▶ _Task_
Find every line in the records below that contains the word "assumes", and copy each such line.

::::::::::

lemma hexagon_adj_forbidden_config:
  fixes v :: "nat \<Rightarrow> nat \<times> nat"
  assumes hex: "hexagon adj (v 0) (v 1) (v 2) (v 3) (v 4) (v 5)"
  shows "\<exists>a1 a2 b1 b2 c1 c2. forbidden_config U3 U2 U1 a1 a2 b1 b2 c1 c2"
proof -
  define t n where "t = fst \<circ> v" and "n = snd \<circ> v"
  have v: "v i = (t i, n i)" for i
    by (simp add: t_def n_def)
  have "\<forall>i<6. t i \<in> {1,2,3}"
    using hexagon_opposite[OF hex] adj_fst_range adj_sym unfolding t_def by (metis comp_apply)
  then have range: "t 0 \<in> {1,2,3}" "t 1 \<in> {1,2,3}" "t 2 \<in> {1,2,3}" "t 3 \<in> {1,2,3}"
    "t 4 \<in> {1,2,3}" "t 5 \<in> {1,2,3}"
    unfolding all_less_six by simp_all
  have neq: "t 0 \<noteq> t 2" "t 0 \<noteq> t 3" "t 0 \<noteq> t 4" "t 1 \<noteq> t 3" "t 1 \<noteq> t 4" "t 1 \<noteq> t 5"
    "t 2 \<noteq> t 4" "t 2 \<noteq> t 5" "t 3 \<noteq> t 5"
    using hex adj_fst_neq unfolding hexagon_def t_def by auto
  have "forbidden_config U3 U2 U1 (n 0) (n 1) (n 2) (n 3) (n 4) (n 5) \<or>
    forbidden_config U3 U2 U1 (n 0) (n 1) (n 4) (n 5) (n 2) (n 3) \<or>
    forbidden_config U3 U2 U1 (n 2) (n 3) (n 0) (n 1) (n 4) (n 5) \<or>
    forbidden_config U3 U2 U1 (n 4) (n 5) (n 0) (n 1) (n 2) (n 3) \<or>
    forbidden_config U3 U2 U1 (n 2) (n 3) (n 4) (n 5) (n 0) (n 1) \<or>
    forbidden_config U3 U2 U1 (n 4) (n 5) (n 2) (n 3) (n 0) (n 1) \<or>
    forbidden_config U3 U2 U1 (n 0) (n 5) (n 2) (n 1) (n 4) (n 3) \<or>
    forbidden_config U3 U2 U1 (n 0) (n 5) (n 4) (n 3) (n 2) (n 1) \<or>
    forbidden_config U3 U2 U1 (n 2) (n 1) (n 0) (n 5) (n 4) (n 3) \<or>
    forbidden_config U3 U2 U1 (n 4) (n 3) (n 0) (n 5) (n 2) (n 1) \<or>
    forbidden_config U3 U2 U1 (n 2) (n 1) (n 4) (n 3) (n 0) (n 5) \<or>
    forbidden_config U3 U2 U1 (n 4) (n 3) (n 2) (n 1) (n 0) (n 5)"
    \<comment> \<open>one disjunct for each degree pattern of hexagon_factor_patterns, in the same order\<close>
    using hexagon_factor_patterns[OF range neq] hex unfolding hexagon_def v
    by (elim disjE) (simp_all add: adj_def forbidden_config_iff)
  then show ?thesis by blast
qed

lemma forbidden_config_hexagon_adj:
  assumes "forbidden_config U3 U2 U1 a1 a2 b1 b2 c1 c2"
  shows "\<exists>v :: nat \<Rightarrow> nat \<times> nat. hexagon adj (v 0) (v 1) (v 2) (v 3) (v 4) (v 5)"
proof -
  have "hexagon adj (1, a1) (1, a2) (2, b1) (2, b2) (3, c1) (3, c2) \<or>
        hexagon adj (1, a1) (1, a2) (3, c1) (3, c2) (2, b1) (2, b2)"
    using assms unfolding forbidden_config_iff
    by (elim conjE disjE) (simp_all add: hexagon_def adj_def)
  then show ?thesis
  proof
    assume "hexagon adj (1, a1) (1, a2) (2, b1) (2, b2) (3, c1) (3, c2)"
    then show ?thesis by (intro exI[of _ "(!) [(1, a1), (1, a2), (2, b1), (2, b2), (3, c1), (3, c2)]"]) simp
  next
    assume "hexagon adj (1, a1) (1, a2) (3, c1) (3, c2) (2, b1) (2, b2)"
    then show ?thesis by (intro exI[of _ "(!) [(1, a1), (1, a2), (3, c1), (3, c2), (2, b1), (2, b2)]"]) simp
  qed
qed

lemma hyp6_star_iff_no_forbidden_config:
  "hyp6_star A B C U3 U2 U1 \<longleftrightarrow> \<not> (\<exists>a1 a2 b1 b2 c1 c2. forbidden_config U3 U2 U1 a1 a2 b1 b2 c1 c2)"
  unfolding hyp6_star_iff_no_hexagon hexagon_lines_iff_hexagon_adj
  using hexagon_adj_forbidden_config forbidden_config_hexagon_adj by blast

end
(* Let $(\mathfrak L^-,\mathfrak L^+)$ be a $\lambda$-graph bisystem satisfying $\sigma_{\mathfrak L^-}$-condition (I). Then (a) $(X^+_{\mathfrak L^-},\sigma_{\mathfrak L^-})$ is essentially free, and (b) the triple $(\mathcal A_{\mathfrak L^-},\rho^+,\Sigma^+)$ satisfies condition (I): there is a unital increasing sequence $\mathcal A_1\subset\mathcal A_2\subset\cdots$ of $C^*$-subalgebras of $\mathcal A_{\mathfrak L^-}$ with dense union and $\rho^+_\alpha(\mathcal A_l)\subset\mathcal A_{l+1}$ for all $l$ and $\alpha\in\Sigma^+$, such that for all $k\le l$ in $\mathbb N$ there is a projection $q_k^l\in\mathcal D^+_{\mathfrak L^-}$ commuting with every element of $\mathcal A_l$ with $q_k^la\ne0$ for every nonzero $a\in\mathcal A_l$ and $q_k^l\phi^m(q_k^l)=0$ for $m=1,\dots,k$.
   Context: $\lambda$-graph bisystem over finite alphabets $\Sigma^\pm$: vertices $V=\bigsqcup_{l\ge0}V_l$, $V_l=\{v_1^l,\dots,v_{m(l)}^l\}$; edges $E^-_{l+1,l}$ from $V_{l+1}$ to $V_l$ labeled by $\lambda^-$ in $\Sigma^-$ (right-resolving) and $E^+_{l,l+1}$ from $V_l$ to $V_{l+1}$ labeled by $\lambda^+$ in $\Sigma^+$ (left-resolving); each vertex at level $l\ge1$ is terminal and source of edges of both diagrams to/from neighbouring levels, each vertex of $V_0$ is terminal of an $E^-_{1,0}$-edge and source of an $E^+_{0,1}$-edge; local property: for $u\in V_l,v\in V_{l+2}$ a label-preserving bijection between $\{(e^-,e^+)\in E^-_{l+1,l}\times E^+_{l+1,l+2}:t(e^-)=u,s(e^-)=s(e^+),t(e^+)=v\}$ and $\{(f^+,f^-)\in E^+_{l,l+1}\times E^-_{l+2,l+1}:s(f^+)=u,t(f^+)=t(f^-),s(f^-)=v\}$. $F(u)$ ($u\in V_l$): label words $(\lambda^-(f_l),\dots,\lambda^-(f_1))$ of $E^-$-paths $f_l,\dots,f_1$ from $u$ down to $V_0$. $A^+_{l,l+1}(i,\alpha,j)=1$ iff some $e\in E^+_{l,l+1}$ goes from $v_i^l$ to $v_j^{l+1}$ with label $\alpha$, else $0$. $\Omega_{\mathfrak L^-}$: sequences $\omega=(u_l,\beta_{-l})_{l\ge1}$ with $E^-$-edges $e_l$ from $u_l$ to $u_{l-1}$ labeled $\beta_{-l}$ ($u_0(\omega)$ the terminal of $e_1$); $U_\Omega(v_i^l;\xi)=\{\omega:u_l=v_i^l,(\beta_{-l},\dots,\beta_{-1})=\xi\}$. $E^+_{\mathfrak L^-}$: triples $(\omega,\alpha,\omega')$, $\omega=(u_l,\beta_{-l})$, $\omega'=(u'_l,\beta_{-l+1})_{l\ge1}$, with an $E^+_{l,l+1}$-edge from $u_l$ to $u'_{l+1}$ labeled $\alpha$ for every $l\ge0$. $X^+_{\mathfrak L^-}$: sequences $x=(\alpha_i,\omega^i)_{i\ge1}$ with $(\omega^i,\alpha_{i+1},\omega^{i+1})\in E^+_{\mathfrak L^-}$ ($i\ge1$) and a unique $\omega^0=:\omega^0(x)$ with $(\omega^0,\alpha_1,\omega^1)\in E^+_{\mathfrak L^-}$; product topology; $\sigma_{\mathfrak L^-}$ the left shift; $\lambda_i(x)=\alpha_i$. Essentially free: $\{x:\sigma^m_{\mathfrak L^-}x=\sigma^n_{\mathfrak L^-}x\}$ has empty interior whenever $m\ne n$. $U_X(v_i^l;\xi)=\{x:\omega^0(x)\in U_\Omega(v_i^l;\xi)\}$. $\sigma_{\mathfrak L^-}$-condition (I): for all $k\le l$ in $\mathbb N$ there exist points $x_i^l(\xi)\in U_X(v_i^l;\xi)$, for every $i$ and $\xi\in F(v_i^l)$, such that $\sigma^n_{\mathfrak L^-}(x_i^l(\xi))\ne x_j^l(\eta)$ for all $i,j$, all $\xi\in F(v_i^l),\eta\in F(v_j^l)$ and all $n=1,\dots,k$. Algebras: $\mathcal G^+_{\mathfrak L^-}=\{(x,k-l,y):\sigma^kx=\sigma^ly\}$ is the Deaconu–Renault groupoid of $\sigma_{\mathfrak L^-}$, $\mathcal O^+_{\mathfrak L^-}=C^*(\mathcal G^+_{\mathfrak L^-})$, $\mathcal D^+_{\mathfrak L^-}=C(X^+_{\mathfrak L^-})\subset\mathcal O^+_{\mathfrak L^-}$ (functions on the unit space). $S_\alpha$ ($\alpha\in\Sigma^+$) is the characteristic function of $\{(x,1,\sigma_{\mathfrak L^-}x):\lambda_1(x)=\alpha\}$; $S_\mu=S_{\mu_1}\cdots S_{\mu_m}$; $E_i^{l-}(\xi)$ is the characteristic function of $\{(x,0,x):x\in U_X(v_i^l;\xi)\}$; $\mathcal A_{\mathfrak L^-}$ is the $C^*$-subalgebra generated by all $E_i^{l-}(\xi)$; $\rho^+_\alpha\in\mathrm{End}(\mathcal A_{\mathfrak L^-})$ is given by $\rho^+_\alpha(E_i^{l-}(\xi))=\sum_{\beta\in\Sigma^-}\sum_jA^+_{l,l+1}(i,\alpha,j)E_j^{l+1-}(\xi\beta)$ (equivalently $\rho^+_\alpha(a)=S_\alpha^*aS_\alpha$), with $E_j^{l+1-}(\xi\beta)=0$ if $\xi\beta\notin F(v_j^{l+1})$; $\phi^m(X)=\sum_{\mu}S_\mu XS_\mu^*$, sum over all words $\mu$ of length $m$ in the subshift presented by $\mathfrak L^+$ (label words of $E^+$-paths). *)

theory Defs
  imports "HOL-Analysis.Analysis"
begin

::::::::::

▶ _Your response_
  assumes hex: "hexagon adj (v 0) (v 1) (v 2) (v 3) (v 4) (v 5)"
  assumes "forbidden_config U3 U2 U1 a1 a2 b1 b2 c1 c2"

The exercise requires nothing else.